Stat 437 Lecture Notes 2c

Xiongzhi Chen

Washington State University

Visualization via ggplot2: legends, font sizes, and mathematical expressions

Overview

We will discuss “(d) adjusting some guides (e.g., legends)”, adjusting font size, and “(e) mathematical expressions in plots”.

Part of the contents on adjusting “legends” and “font sizes” can be found in Chapter 6 of the book “ggplot2: elegant graphs for data analysis” by Hadley Wickham, and the rest are gathered from various online resources.

Adjusting legends

Overview

Legend

Brief syntax:

theme(
# Legend position: right, left, bottom, top, none
legend.position = "right", 

# Legend background
legend.background = element_rect(fill, color, size, linetype),

# Legend direction and justification, i.e.,
# layout of items in legends ("horizontal" or "vertical")
legend.direction = NULL, 

# Legend box, i.e.,
# arrangement of multiple legends ("horizontal" or "vertical")
legend.box = NULL
)

Illustration

Plot displ vs hwy with shape=drv:

> library(ggplot2)
> p = ggplot(mpg,aes(displ,hwy,shape=drv)) + geom_point()
  • due to shape=drv, a legend with title drv will be created
  • by default, the legend title is the variable name drv
  • by default, the legend appears to the right side of the plot, and is centered vertically

Illustration: base layer

> p

Legend: top, horizontal

> p+theme(legend.position = "top",
+         legend.direction = "horizontal")

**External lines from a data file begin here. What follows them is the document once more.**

(* Let $z,w>0$ be such that $\mathrm{DAG}(z,w)<\infty$, and let $G$ be a random labelled DAG drawn from the Boltzmann model with parameters $(z,w)$. Let $N_1,N_2,\dots$ be the sizes of the successive layers $V_1,V_2,\dots$ of the root-layering of $G$ (with $N_i=0$ if the root-layering has fewer than $i$ layers). Then for every $k\ge 1$, all positive integers $n_1,\dots,n_k$ for which the conditioning event has positive probability, and every integer $n_{k+1}\ge 0$, \[\mathbb P_{z,w}[N_{k+1}=n_{k+1}\mid N_1=n_1,\dots,N_k=n_k]=\mathbb P_{z,w}[N_2=n_{k+1}\mid N_1=n_k].\] That is, the sequence of layer sizes is a time-homogeneous Markov chain.
   Context: A labelled DAG with $n$ vertices is a directed acyclic graph on vertex set $\{1,\dots,n\}$ ($n\ge0$). For a DAG $G$ write $v(G)$, $e(G)$, $s(G)$ for its numbers of vertices, edges and sources (vertices of in-degree $0$). The graphic generating function of DAGs is $\mathrm{DAG}(z,w,u)=\sum_G \frac{z^{v(G)}w^{e(G)}u^{s(G)}}{(1+w)^{\binom{v(G)}{2}}v(G)!}$, the sum over all labelled DAGs, and $\mathrm{DAG}(z,w)=\mathrm{DAG}(z,w,1)$. The Boltzmann model with parameters $(z,w)$ is the probability distribution $\mathbb P_{z,w}[G]=\frac{z^{v(G)}w^{e(G)}}{(1+w)^{\binom{v(G)}{2}}v(G)!\,\mathrm{DAG}(z,w)}$ on labelled DAGs. The root-layering of a DAG $G=(V,E)$ is the ordered partition $(V_1,\dots,V_k)$ of $V$ where $V_i$ is the set of sources of the graph obtained from $G$ by deleting $V_1\cup\dots\cup V_{i-1}$. *)

theory Defs
  imports Complex_Main
begin

definition dags :: "nat \<Rightarrow> (nat \<times> nat) set set" where
  "dags n = {E. E \<subseteq> {1..n} \<times> {1..n} \<and> acyclic E}"

definition dag_weight :: "real \<Rightarrow> real \<Rightarrow> nat \<Rightarrow> (nat \<times> nat) set \<Rightarrow> real" where
  "dag_weight z w n E = z ^ n * w ^ card E / ((1 + w) ^ (n choose 2) * fact n)"

definition event_mass :: "real \<Rightarrow> real \<Rightarrow> (nat \<Rightarrow> (nat \<times> nat) set \<Rightarrow> bool) \<Rightarrow> real" where
  "event_mass z w P = (\<Sum>n. \<Sum>E\<in>{E \<in> dags n. P n E}. dag_weight z w n E)"

definition DAG_finite :: "real \<Rightarrow> real \<Rightarrow> bool" where
  "DAG_finite z w \<longleftrightarrow> summable (\<lambda>n. \<Sum>E\<in>dags n. dag_weight z w n E)"

definition DAG_gf :: "real \<Rightarrow> real \<Rightarrow> real" where
  "DAG_gf z w = event_mass z w (\<lambda>_ _. True)"

definition dag_prob :: "real \<Rightarrow> real \<Rightarrow> (nat \<Rightarrow> (nat \<times> nat) set \<Rightarrow> bool) \<Rightarrow> real" where
  "dag_prob z w P = event_mass z w P / DAG_gf z w"

definition dag_cond_prob :: "real \<Rightarrow> real \<Rightarrow> (nat \<Rightarrow> (nat \<times> nat) set \<Rightarrow> bool)
    \<Rightarrow> (nat \<Rightarrow> (nat \<times> nat) set \<Rightarrow> bool) \<Rightarrow> real" where
  "dag_cond_prob z w A B = dag_prob z w (\<lambda>n E. A n E \<and> B n E) / dag_prob z w B"

definition srcs :: "(nat \<times> nat) set \<Rightarrow> nat set \<Rightarrow> nat set" where
  "srcs E R = {v \<in> R. \<not> (\<exists>u\<in>R. (u, v) \<in> E)}"

fun remaining :: "nat \<Rightarrow> (nat \<times> nat) set \<Rightarrow> nat \<Rightarrow> nat set" where
  "remaining n E 0 = {1..n}"
| "remaining n E (Suc i) = remaining n E i - srcs E (remaining n E i)"

text \<open>Layer V_i (1-indexed, i \<ge> 1); empty once all vertices are removed.\<close>
definition root_layer :: "nat \<Rightarrow> (nat \<times> nat) set \<Rightarrow> nat \<Rightarrow> nat set" where
  "root_layer n E i = srcs E (remaining n E (i - 1))"

definition layer_size :: "nat \<Rightarrow> (nat \<times> nat) set \<Rightarrow> nat \<Rightarrow> nat" where
  "layer_size n E i = card (root_layer n E i)"

end

theory Submission
  imports Defs "HOL-Library.FuncSet" "HOL-Combinatorics.Permutations"
begin

text \<open>
  Grouping DAGs by their set of sources and relabelling shows that, up to the factor
  binom(n, a), the DAGs whose first layer has size a are those whose sources are the a
  largest labels. Deleting this top layer leaves an arbitrary DAG H on the remaining
  vertices; the edges leaving the top layer are free, except that every source of H has to
  receive one. Summing over them, the Boltzmann mass of the DAGs with first layer of size a
  factorises into the weight of the edgeless graph on a vertices and a sum over H in which H
  carries its own weight times cover_prob w a to the power of its number of sources.
  Iterating, the mass of "the first k layers have sizes n_1, ..., n_k and the later layers
  satisfy R" is a constant depending only on n_1, ..., n_k times the mass, shifted by
  n_1 + ... + n_(k-1) vertices, of "the first layer has size n_k and the layers satisfy R".
  Constant and shift cancel in the conditional probability.
\<close>

definition dag_mass :: "real \<Rightarrow> real \<Rightarrow> nat \<Rightarrow> ((nat \<times> nat) set \<Rightarrow> bool) \<Rightarrow> real" where
  "dag_mass z w n P = (\<Sum>E\<in>{E \<in> dags n. P E}. dag_weight z w n E)"

text \<open>Counted from 0, since \<^term>\<open>layer_size n E 0\<close> is a junk value equal to
  \<^term>\<open>layer_size n E 1\<close>.\<close>

definition layer_sizes :: "nat \<Rightarrow> (nat \<times> nat) set \<Rightarrow> nat \<Rightarrow> nat" where
  "layer_sizes n E i = layer_size n E (Suc i)"

lemma srcs_subset: "srcs E R \<subseteq> R"
  by (auto simp: srcs_def)

lemma srcs_Int_Times: "R \<subseteq> U \<Longrightarrow> srcs (E \<inter> U \<times> U) R = srcs E R"
  by (auto simp: srcs_def)

lemma remaining_subset: "remaining n E i \<subseteq> {1..n}"
  by (induction i) auto

lemma finite_dags: "finite (dags n)"
  by (rule finite_subset[of _ "Pow ({1..n} \<times> {1..n})"]) (auto simp: dags_def)

lemma layer_sizes_0: "layer_sizes n E 0 = card (srcs E {1..n})"
  by (simp add: layer_sizes_def layer_size_def root_layer_def)

lemma layer_sizes_0_le: "layer_sizes n E 0 \<le> n"
  unfolding layer_sizes_0 using card_mono[OF _ srcs_subset, of "{1..n}" E] by simp

section \<open>Invariance under relabelling\<close>

lemma srcs_map_prod_image:
  assumes "inj p"
  shows "srcs (map_prod p p ` E) (p ` R) = p ` srcs E R"
  using assms by (auto simp: srcs_def inj_eq)

lemma remaining_map_prod_image:
  assumes "p permutes {1..n}"
  shows "remaining n (map_prod p p ` E) i = p ` remaining n E i"
proof (induction i)
  case 0
  show ?case using permutes_image[OF assms] by simp
next
  case (Suc i)
  then show ?case by (simp add: srcs_map_prod_image permutes_inj[OF assms] image_set_diff)
qed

Legend: bottom, horizontal

> p+theme(legend.position = "bottom",
+      legend.direction = "horizontal")

Legend: bottom, vertical

> p+theme(legend.position = "bottom",
+     legend.direction = "vertical")

Illustration: remove legend

> p+theme(legend.position = "none")

Legend: remove fill for key

> # remove legend key background
> p + theme(legend.key = element_rect(fill=NA))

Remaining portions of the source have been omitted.